**** Dataset records ****
lemma pbasis_in_arrow_ideal_pow:
  "valid_path src tgt p \<Longrightarrow> m \<le> plen p \<Longrightarrow>
    pbasis p \<in> (arrow_ideal_pow src tgt m :: (_ \<Rightarrow> 'k::field) set)"
  using pbasis_in_kQ[of src tgt p] by (cases p) (simp add: arrow_ideal_pow_def)

lemma nilpotent_imp_one_minus_unit:
  fixes y :: "'a::ring_1"
  assumes "y ^ n = 0"
  shows "\<exists>u. (1 - y) * u = 1 \<and> u * (1 - y) = 1"
proof -
  have left: "(1 - y) * (\<Sum>i<m. y ^ i) = 1 - y ^ m" for m
  proof (induction m)
    case (Suc m)
    have "(1 - y) * (\<Sum>i<Suc m. y ^ i) = (1 - y) * (\<Sum>i<m. y ^ i) + (1 - y) * y ^ m"
      by (simp add: distrib_left)
    also have "\<dots> = 1 - y ^ Suc m"
      using Suc by (simp add: algebra_simps)
    finally show ?case .
  qed simp
  have "y * (\<Sum>i<n. y ^ i) = (\<Sum>i<n. y ^ i) * y"
    by (simp add: sum_distrib_left sum_distrib_right power_commutes)
  then have "(1 - y) * (\<Sum>i<n. y ^ i) = (\<Sum>i<n. y ^ i) * (1 - y)"
    by (simp add: algebra_simps)
  with left[of n] assms show ?thesis
    by auto
qed


section \<open>The radical filtration of a bound quiver algebra\<close>

locale bound_quiver =
  fixes src tgt :: "'e::finite \<Rightarrow> 'v::finite"
    and \<pi> :: "(('v, 'e) qpath \<Rightarrow> 'k::field) \<Rightarrow> 'a::ring_1"
  assumes bound_quiver_alg: "bound_quiver_alg src tgt \<pi>"
begin

abbreviation KQ :: "(('v, 'e) qpath \<Rightarrow> 'k) set" where
  "KQ \<equiv> kQ src tgt"

abbreviation E :: "'v \<Rightarrow> 'a" where
  "E \<equiv> ev \<pi>"

abbreviation P :: "('v, 'e) qpath \<Rightarrow> 'a" where
  "P \<equiv> pth \<pi>"

abbreviation cs :: "'k \<Rightarrow> 'a" where
  "cs \<equiv> csc \<pi>"

definition rad_pow :: "nat \<Rightarrow> 'a set" where
  "rad_pow n = \<pi> ` arrow_ideal_pow src tgt n"

lemma bound_quiver_alg_unfolded:
  "(\<forall>x \<in> KQ. \<forall>y \<in> KQ. \<pi> (\<lambda>p. x p + y p) = \<pi> x + \<pi> y) \<and>
   (\<forall>x \<in> KQ. \<forall>y \<in> KQ. \<pi> (kQ_mult tgt x y) = \<pi> x * \<pi> y) \<and>
   \<pi> kQ_one = 1 \<and> \<pi> ` KQ = UNIV \<and>
   (\<exists>m \<ge> 2. arrow_ideal_pow src tgt m \<subseteq> {x \<in> KQ. \<pi> x = 0} \<and>
      {x \<in> KQ. \<pi> x = 0} \<subseteq> arrow_ideal_pow src tgt 2)"
  using bound_quiver_alg unfolding bound_quiver_alg_def .

lemma pi_add: "x \<in> KQ \<Longrightarrow> y \<in> KQ \<Longrightarrow> \<pi> (\<lambda>p. x p + y p) = \<pi> x + \<pi> y"
  using bound_quiver_alg_unfolded by blast

lemma pi_mult: "x \<in> KQ \<Longrightarrow> y \<in> KQ \<Longrightarrow> \<pi> (kQ_mult tgt x y) = \<pi> x * \<pi> y"
  using bound_quiver_alg_unfolded by blast

lemma pi_image: "\<pi> ` KQ = UNIV"
  using bound_quiver_alg_unfolded by blast

lemma pi_surj: obtains x where "x \<in> KQ" "\<pi> x = u"
  using pi_image by (metis UNIV_I imageE)

lemma arrow_ideal_pow_in_kernel: "\<exists>m. arrow_ideal_pow src tgt m \<subseteq> {x \<in> KQ. \<pi> x = 0}"
  using bound_quiver_alg_unfolded by blast

lemma kernel_subset_arrow_ideal_pow_2: "{x \<in> KQ. \<pi> x = 0} \<subseteq> arrow_ideal_pow src tgt 2"
  using bound_quiver_alg_unfolded by blast

lemma pi_zero: "\<pi> (\<lambda>p. 0) = 0"
  using pi_add[OF kQ_zero kQ_zero] by simp

lemma pi_uminus: "x \<in> KQ \<Longrightarrow> \<pi> (\<lambda>p. - x p) = - \<pi> x"
  using pi_add[OF kQ_uminus_closed, of x x] pi_zero by (simp add: eq_neg_iff_add_eq_0)

lemma pi_diff: "x \<in> KQ \<Longrightarrow> y \<in> KQ \<Longrightarrow> \<pi> (\<lambda>p. x p - y p) = \<pi> x - \<pi> y"
  using pi_add[OF _ kQ_uminus_closed, of x y] pi_uminus[of y] by simp

lemma pi_eq_imp_short_coeff_eq:
  assumes "x \<in> KQ" "y \<in> KQ" "\<pi> x = \<pi> y" "plen p \<le> 1"
  shows "x p = y p"
proof -
  have "(\<lambda>p. x p - y p) \<in> KQ"
    using assms(1,2) kQ_add_closed kQ_uminus_closed by fastforce
  with assms(1-3) kernel_subset_arrow_ideal_pow_2 have "(\<lambda>p. x p - y p) \<in> arrow_ideal_pow src tgt 2"
    by (auto simp: pi_diff)
  with assms(4) show ?thesis
    unfolding arrow_ideal_pow_def by fastforce
qed

lemma rad_pow_0: "rad_pow 0 = UNIV"
  unfolding rad_pow_def arrow_ideal_pow_0 by (rule pi_image)

lemma rad_pow_mult:
  assumes "u \<in> rad_pow a" "v \<in> rad_pow b"
  shows "u * v \<in> rad_pow (a + b)"
proof -
  obtain x y where x: "x \<in> arrow_ideal_pow src tgt a" "u = \<pi> x"
    and y: "y \<in> arrow_ideal_pow src tgt b" "v = \<pi> y"
    using assms unfolding rad_pow_def by blast
  have "u * v = \<pi> (kQ_mult tgt x y)"
    using x y pi_mult unfolding arrow_ideal_pow_def by simp
  with arrow_ideal_pow_mult[OF x(1) y(1)] show ?thesis
    unfolding rad_pow_def by blast
qed

lemma rad_pow_add:
  assumes "u \<in> rad_pow a" "v \<in> rad_pow a"
  shows "u + v \<in> rad_pow a"
proof -
  obtain x y where x: "x \<in> arrow_ideal_pow src tgt a" "u = \<pi> x"
    and y: "y \<in> arrow_ideal_pow src tgt a" "v = \<pi> y"
    using assms unfolding rad_pow_def by blast
  have "u + v = \<pi> (\<lambda>p. x p + y p)"
    using x y pi_add unfolding arrow_ideal_pow_def by simp
  with arrow_ideal_pow_add[OF x(1) y(1)] show ?thesis
    unfolding rad_pow_def by blast
qed

lemma rad_pow_uminus:
  assumes "u \<in> rad_pow a"
  shows "- u \<in> rad_pow a"
proof -
  obtain x where x: "x \<in> arrow_ideal_pow src tgt a" "u = \<pi> x"
    using assms unfolding rad_pow_def by blast
  have "- u = \<pi> (\<lambda>p. - x p)"
    using x pi_uminus unfolding arrow_ideal_pow_def by simp
  with arrow_ideal_pow_uminus[OF x(1)] show ?thesis
    unfolding rad_pow_def by blast
qed

lemma rad_pow_diff: "u \<in> rad_pow a \<Longrightarrow> v \<in> rad_pow a \<Longrightarrow> u - v \<in> rad_pow a"
  using rad_pow_add[OF _ rad_pow_uminus, of u a v] by simp

lemma zero_in_rad_pow: "0 \<in> rad_pow a"
  unfolding rad_pow_def using arrow_ideal_pow_zero pi_zero by (metis image_eqI)

lemma rad_pow_antimono: "a \<le> b \<Longrightarrow> rad_pow b \<subseteq> rad_pow a"
  unfolding rad_pow_def by (rule image_mono) (rule arrow_ideal_pow_antimono)

lemma rad_pow_mult_left: "u \<in> rad_pow a \<Longrightarrow> x * u \<in> rad_pow a"
  using rad_pow_mult[of x 0 u a] rad_pow_0 by simp

lemma rad_pow_mult_right: "u \<in> rad_pow a \<Longrightarrow> u * x \<in> rad_pow a"
  using rad_pow_mult[of u a x 0] rad_pow_0 by simp

lemma rad_pow_mult_1_1: "u \<in> rad_pow 1 \<Longrightarrow> v \<in> rad_pow 1 \<Longrightarrow> u * v \<in> rad_pow 2"
  using rad_pow_mult[of u 1 v 1] by (simp add: numeral_2_eq_2)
****
## Problem description:
Show the lines of the records that contain the word "fixes".

## Written response:
  fixes y :: "'a::ring_1"
  fixes src tgt :: "'e::finite \<Rightarrow> 'v::finite"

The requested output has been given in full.